> **About this task**
Tally the lines below that contain the word "lyap", then give the tally and nothing more.

> **Supplied material**
= = = = = = =

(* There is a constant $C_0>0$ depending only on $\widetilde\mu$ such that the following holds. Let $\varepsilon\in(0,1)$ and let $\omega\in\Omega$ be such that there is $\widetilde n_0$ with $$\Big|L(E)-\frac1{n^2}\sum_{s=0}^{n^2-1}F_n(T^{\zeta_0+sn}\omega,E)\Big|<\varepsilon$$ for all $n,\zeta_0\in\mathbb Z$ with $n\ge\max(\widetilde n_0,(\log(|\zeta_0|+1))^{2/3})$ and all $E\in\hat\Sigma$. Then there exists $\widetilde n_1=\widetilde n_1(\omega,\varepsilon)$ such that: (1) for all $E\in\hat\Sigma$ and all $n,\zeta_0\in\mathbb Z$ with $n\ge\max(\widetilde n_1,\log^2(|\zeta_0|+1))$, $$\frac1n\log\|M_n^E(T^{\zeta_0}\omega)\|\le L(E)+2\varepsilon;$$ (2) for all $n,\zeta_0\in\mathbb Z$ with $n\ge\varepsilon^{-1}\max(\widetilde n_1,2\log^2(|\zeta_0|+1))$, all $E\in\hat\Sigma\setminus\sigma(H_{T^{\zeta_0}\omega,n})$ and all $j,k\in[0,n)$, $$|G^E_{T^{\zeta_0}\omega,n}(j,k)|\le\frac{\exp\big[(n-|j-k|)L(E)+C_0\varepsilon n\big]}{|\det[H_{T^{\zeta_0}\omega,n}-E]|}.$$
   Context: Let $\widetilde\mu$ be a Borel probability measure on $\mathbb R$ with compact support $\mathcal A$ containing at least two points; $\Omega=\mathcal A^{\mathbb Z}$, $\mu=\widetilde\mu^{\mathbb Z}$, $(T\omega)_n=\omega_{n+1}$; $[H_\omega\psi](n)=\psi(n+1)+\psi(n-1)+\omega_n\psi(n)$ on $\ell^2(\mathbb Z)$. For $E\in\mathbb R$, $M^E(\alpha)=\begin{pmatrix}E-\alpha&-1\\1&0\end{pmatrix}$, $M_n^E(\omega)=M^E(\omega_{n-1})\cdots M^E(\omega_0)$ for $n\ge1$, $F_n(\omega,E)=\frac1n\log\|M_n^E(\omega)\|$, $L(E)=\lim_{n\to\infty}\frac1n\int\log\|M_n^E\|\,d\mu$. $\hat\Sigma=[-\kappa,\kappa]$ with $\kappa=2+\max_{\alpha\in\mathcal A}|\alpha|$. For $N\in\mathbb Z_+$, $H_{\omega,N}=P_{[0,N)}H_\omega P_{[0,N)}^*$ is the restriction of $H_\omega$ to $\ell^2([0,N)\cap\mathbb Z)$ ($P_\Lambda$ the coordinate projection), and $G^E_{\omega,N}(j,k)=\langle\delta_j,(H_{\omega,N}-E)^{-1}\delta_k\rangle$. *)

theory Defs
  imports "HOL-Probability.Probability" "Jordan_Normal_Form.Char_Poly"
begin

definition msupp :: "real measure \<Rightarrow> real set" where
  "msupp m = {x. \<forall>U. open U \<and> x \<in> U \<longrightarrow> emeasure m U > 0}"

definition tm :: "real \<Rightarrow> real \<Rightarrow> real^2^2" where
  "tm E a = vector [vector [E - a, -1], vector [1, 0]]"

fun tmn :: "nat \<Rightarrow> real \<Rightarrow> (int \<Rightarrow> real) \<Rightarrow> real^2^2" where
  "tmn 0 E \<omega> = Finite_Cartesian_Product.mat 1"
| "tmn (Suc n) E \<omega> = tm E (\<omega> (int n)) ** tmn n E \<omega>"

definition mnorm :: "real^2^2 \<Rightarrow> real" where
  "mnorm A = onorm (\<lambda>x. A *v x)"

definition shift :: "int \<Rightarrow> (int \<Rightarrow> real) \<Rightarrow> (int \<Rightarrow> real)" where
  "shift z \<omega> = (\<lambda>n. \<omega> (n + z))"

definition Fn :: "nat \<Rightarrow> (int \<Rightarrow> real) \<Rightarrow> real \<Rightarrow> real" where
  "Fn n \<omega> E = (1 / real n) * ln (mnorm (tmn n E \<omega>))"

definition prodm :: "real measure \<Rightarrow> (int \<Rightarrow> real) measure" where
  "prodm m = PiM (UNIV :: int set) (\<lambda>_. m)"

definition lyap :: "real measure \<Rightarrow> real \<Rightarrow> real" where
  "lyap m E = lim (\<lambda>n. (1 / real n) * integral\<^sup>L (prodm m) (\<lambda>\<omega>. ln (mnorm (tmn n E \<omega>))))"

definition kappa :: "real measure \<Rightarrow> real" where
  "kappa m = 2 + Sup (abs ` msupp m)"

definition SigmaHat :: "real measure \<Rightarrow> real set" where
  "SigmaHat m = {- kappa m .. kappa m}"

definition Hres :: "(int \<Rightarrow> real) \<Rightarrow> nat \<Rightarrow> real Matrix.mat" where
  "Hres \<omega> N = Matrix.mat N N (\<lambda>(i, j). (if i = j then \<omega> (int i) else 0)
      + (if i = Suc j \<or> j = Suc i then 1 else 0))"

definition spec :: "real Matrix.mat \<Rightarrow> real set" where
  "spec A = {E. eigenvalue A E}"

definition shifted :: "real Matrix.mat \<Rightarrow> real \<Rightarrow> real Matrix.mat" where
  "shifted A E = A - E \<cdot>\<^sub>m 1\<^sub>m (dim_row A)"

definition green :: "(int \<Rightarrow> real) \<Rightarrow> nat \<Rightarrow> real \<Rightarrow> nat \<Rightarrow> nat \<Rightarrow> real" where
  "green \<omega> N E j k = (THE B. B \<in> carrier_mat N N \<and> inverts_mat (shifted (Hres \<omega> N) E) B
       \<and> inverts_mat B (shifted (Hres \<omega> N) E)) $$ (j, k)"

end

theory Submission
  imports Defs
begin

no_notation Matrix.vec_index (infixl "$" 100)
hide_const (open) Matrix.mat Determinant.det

= = = = = = =

> **Exercise solution**
2